Beta-cell secretion, insulin (SI*-IVGTT), and glucose (SG*) action on
glucose utilization during the IVGTT were measured according to minimal
models of insulin secretion and action. Infusion of GlcN did not affect
readily releasable insulin levels, glucose-stimulated insulin secretion
(GSIS), or the time constant of secretion, but it increased both the glucose
threshold of GSIS (delta approximately 0.5-0.8 mmol/l, P < 0.03-0.01) and
plasma fasting glucose levels (delta approximately 0.3-0.5 mmol/l, P <
0.05-0.02). GlcN did not change glucose utilization or intracellular
metabolism (glucose oxidation and glucose storage were measured by indirect
calorimetry) during the clamp. However, high levels of GlcN caused a
decrease in SI*-IVGTT (delta approximately 30%, P < 0.02) and in SG* (delta
approximately 40%, P < 0.05). Thus, in humans, acute GlcN infusion
recapitulates some metabolic features of human diabetes. It remains to be
determined whether acceleration of the hexosamine pathway can cause insulin
resistance at euglycemia in humans.
Cheers,
Michael C Price
Tom Matthews
> "GeoWCherry" <geowc...@aol.com> wrote in message
> news:20020530133444...@mb-mm.aol.com...
>
>
>>George;
>>I'm dismayed to learn that glucosamine
>>promotes insulin resistance. Glucosamine
>>(600 mg of SAM-e and 1500 mg of glucos-
>>amine a day) has been a breakthrough on
>>repairing my osteoarthritic knees. I'm
>>jogging again and climbing stairs again
>>with NO pain. I thought I would never be
>>able to run and climb again. My antidote
>>to insulin resistance will be to increase
>>my ratio of muscle to fat and to eat no
>>high glycemic food at all. I'd hate to give
>>up glucosamine.
>>
>
> Me too. But how strong is the evidence against
> glucosamine? The best ref I could find (below) was
> using *intravenous* glucosamine, and it's not clear to me
> how applicable it is to oral glucosamine. (Would
> intravenous glucose have had the same effect?) Perhaps
> oral glucosamine is no worse than a sweetened drink?

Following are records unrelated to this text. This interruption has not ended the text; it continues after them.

lemma tilable_UN:
  assumes "length Vs = length Ks"
    and "pairwise (\<lambda>a b. disjnt (S a) (S b)) I"
    and "\<And>a. a \<in> I \<Longrightarrow> tilable Ks Vs (S a)"
  shows "tilable Ks Vs (\<Union>a\<in>I. S a)"
proof -
  obtain \<C> where \<C>: "\<And>a. a \<in> I \<Longrightarrow>
      Ball (\<C> a) (is_copy Ks Vs) \<and> pairwise disjnt (\<C> a) \<and> \<Union>(\<C> a) = S a"
    using assms(3) unfolding tilable_iff_copies by metis
  have "pairwise disjnt (\<Union>a\<in>I. \<C> a)"
  proof (rule pairwiseI)
    fix c c' assume "c \<in> (\<Union>a\<in>I. \<C> a)" "c' \<in> (\<Union>a\<in>I. \<C> a)" "c \<noteq> c'"
    then obtain a a' where "a \<in> I" "a' \<in> I" "c \<in> \<C> a" "c' \<in> \<C> a'"
      by blast
    show "disjnt c c'"
    proof (cases "a = a'")
      case True
      then show ?thesis
        using \<C> \<open>a \<in> I\<close> \<open>c \<in> \<C> a\<close> \<open>c' \<in> \<C> a'\<close> \<open>c \<noteq> c'\<close> by (auto simp: pairwise_def)
    next
      case False
      then have "disjnt (S a) (S a')"
        using assms(2) \<open>a \<in> I\<close> \<open>a' \<in> I\<close> by (auto simp: pairwise_def)
      moreover have "c \<subseteq> S a" "c' \<subseteq> S a'"
        using \<C> \<open>a \<in> I\<close> \<open>a' \<in> I\<close> \<open>c \<in> \<C> a\<close> \<open>c' \<in> \<C> a'\<close> by auto
      ultimately show ?thesis
        unfolding disjnt_def by blast
    qed
  qed
  moreover have "\<Union>(\<Union>a\<in>I. \<C> a) = (\<Union>a\<in>I. S a)"
  proof -
    have "\<Union>(\<Union>a\<in>I. \<C> a) = (\<Union>a\<in>I. \<Union>(\<C> a))"
      by blast
    then show ?thesis
      using \<C> by simp
  qed
  moreover have "Ball (\<Union>a\<in>I. \<C> a) (is_copy Ks Vs)"
    using \<C> by blast
  ultimately show ?thesis
    unfolding tilable_iff_copies using assms(1) by (intro conjI exI[of _ "\<Union>a\<in>I. \<C> a"])
qed

lemma tilable_image:
  assumes "tilable Ks Vs S" "inj_on f S" "length Vs' = length Ks'"
    and "\<And>c. is_copy Ks Vs c \<Longrightarrow> is_copy Ks' Vs' (f ` c)"
  shows "tilable Ks' Vs' (f ` S)"
proof -
  obtain \<C> where \<C>: "Ball \<C> (is_copy Ks Vs)" "pairwise disjnt \<C>" "\<Union>\<C> = S"
    using assms(1) unfolding tilable_iff_copies by blast
  have "pairwise disjnt ((`) f ` \<C>)"
  proof (rule pairwise_imageI)
    fix c c' assume "c \<in> \<C>" "c' \<in> \<C>" "c \<noteq> c'"
    then have "c \<inter> c' = {}" "c \<subseteq> S" "c' \<subseteq> S"
      using \<C>(2,3) by (auto simp: pairwise_def disjnt_def)
    then have "f ` c \<inter> f ` c' = f ` (c \<inter> c')"
      using inj_on_image_Int[OF assms(2)] by blast
    with \<open>c \<inter> c' = {}\<close> show "disjnt (f ` c) (f ` c')"
      by (simp add: disjnt_def)
  qed
  moreover have "\<Union>((`) f ` \<C>) = f ` S"
    unfolding \<C>(3)[symmetric] by (rule image_Union[symmetric])
  moreover have "Ball ((`) f ` \<C>) (is_copy Ks' Vs')"
    using \<C>(1) assms(4) by blast
  ultimately show ?thesis
    unfolding tilable_iff_copies using assms(3) by (intro conjI exI[of _ "(`) f ` \<C>"])
qed

lemma tilable_append_sets:
  assumes "tilable Ks' Vs' S" "P \<subseteq> listset Ks" "length Vs = length Ks"
  shows "tilable (Ks @ Ks') (Vs @ Vs') (append_sets P S)"
  unfolding append_sets_eq_UN
proof (rule tilable_UN)
  show "length (Vs @ Vs') = length (Ks @ Ks')"
    using assms(1,3) by (simp add: tilable_def)
  show "pairwise (\<lambda>p p'. disjnt ((@) p ` S) ((@) p' ` S)) P"
  proof (rule pairwiseI)
    fix p p' assume "p \<in> P" "p' \<in> P" "p \<noteq> p'"
    then have "length p = length p'"
      using assms(2) in_listset_iff by (metis subsetD)
    with \<open>p \<noteq> p'\<close> show "disjnt ((@) p ` S) ((@) p' ` S)"
      by (auto simp: disjnt_def)
  qed
  fix p assume "p \<in> P"
  then have p: "p \<in> listset Ks" "length p = length Ks"
    using assms(2) by (auto simp: in_listset_iff)
  show "tilable (Ks @ Ks') (Vs @ Vs') ((@) p ` S)"
  proof (rule tilable_image[OF assms(1)])
    show "inj_on ((@) p) S"
      by (simp add: inj_on_def)
    show "length (Vs @ Vs') = length (Ks @ Ks')"
      using assms(1,3) by (simp add: tilable_def)
    fix c assume "is_copy Ks' Vs' c"
    then obtain j x where "j < length Ks'" "x \<in> listset Ks'"
        "c = tile_copy (length Ks') j (Vs' ! j) x"
      unfolding is_copy_def by blast
    moreover have "(Vs @ Vs') ! (length Ks + j) = Vs' ! j"
      using assms(3) by (simp add: nth_append)
    ultimately show "is_copy (Ks @ Ks') (Vs @ Vs') ((@) p ` c)"
      unfolding is_copy_def using p
      by (intro exI[of _ "length Ks + j"] bexI[of _ "p @ x"])
         (auto simp: image_append_tile_copy listset_append append_sets_def in_listset_iff)
  qed
qed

I have no idea how you searched, but PubMed gives 408 hits for "glucosamine
insulin" and 87 for "glucosamine insulin AND (resistance OR sensitivity)".
If someone has the time to do examine these carefully present the results, it
would definitely be of service to many of us here. I have not investigated the
situation for some time and there appear to be many more related results than at
that time.
--Tom Matthews
MoreLife for the rational - http://morelife.org
Reality based tools for More Life in quantity & quality
>
michaelprice
> michaelprice wrote:
> > Me too. But how strong is the evidence against
> > glucosamine? The best ref I could find (below) was
> > using *intravenous* glucosamine, and it's not clear to me
> > how applicable it is to oral glucosamine. (Would
> > intravenous glucose have had the same effect?) Perhaps
> > oral glucosamine is no worse than a sweetened drink?
>
> I have no idea how you searched, but PubMed gives 408 hits for
> "glucosamine insulin" and 87 for "glucosamine insulin AND
> (resistance OR sensitivity)".
Only 14 hits for "glucosamine" & "insulin" & "glucose tolerance", with the
result I gave. The one ref that filtered through after reading was the one
previously cited here a few months ago.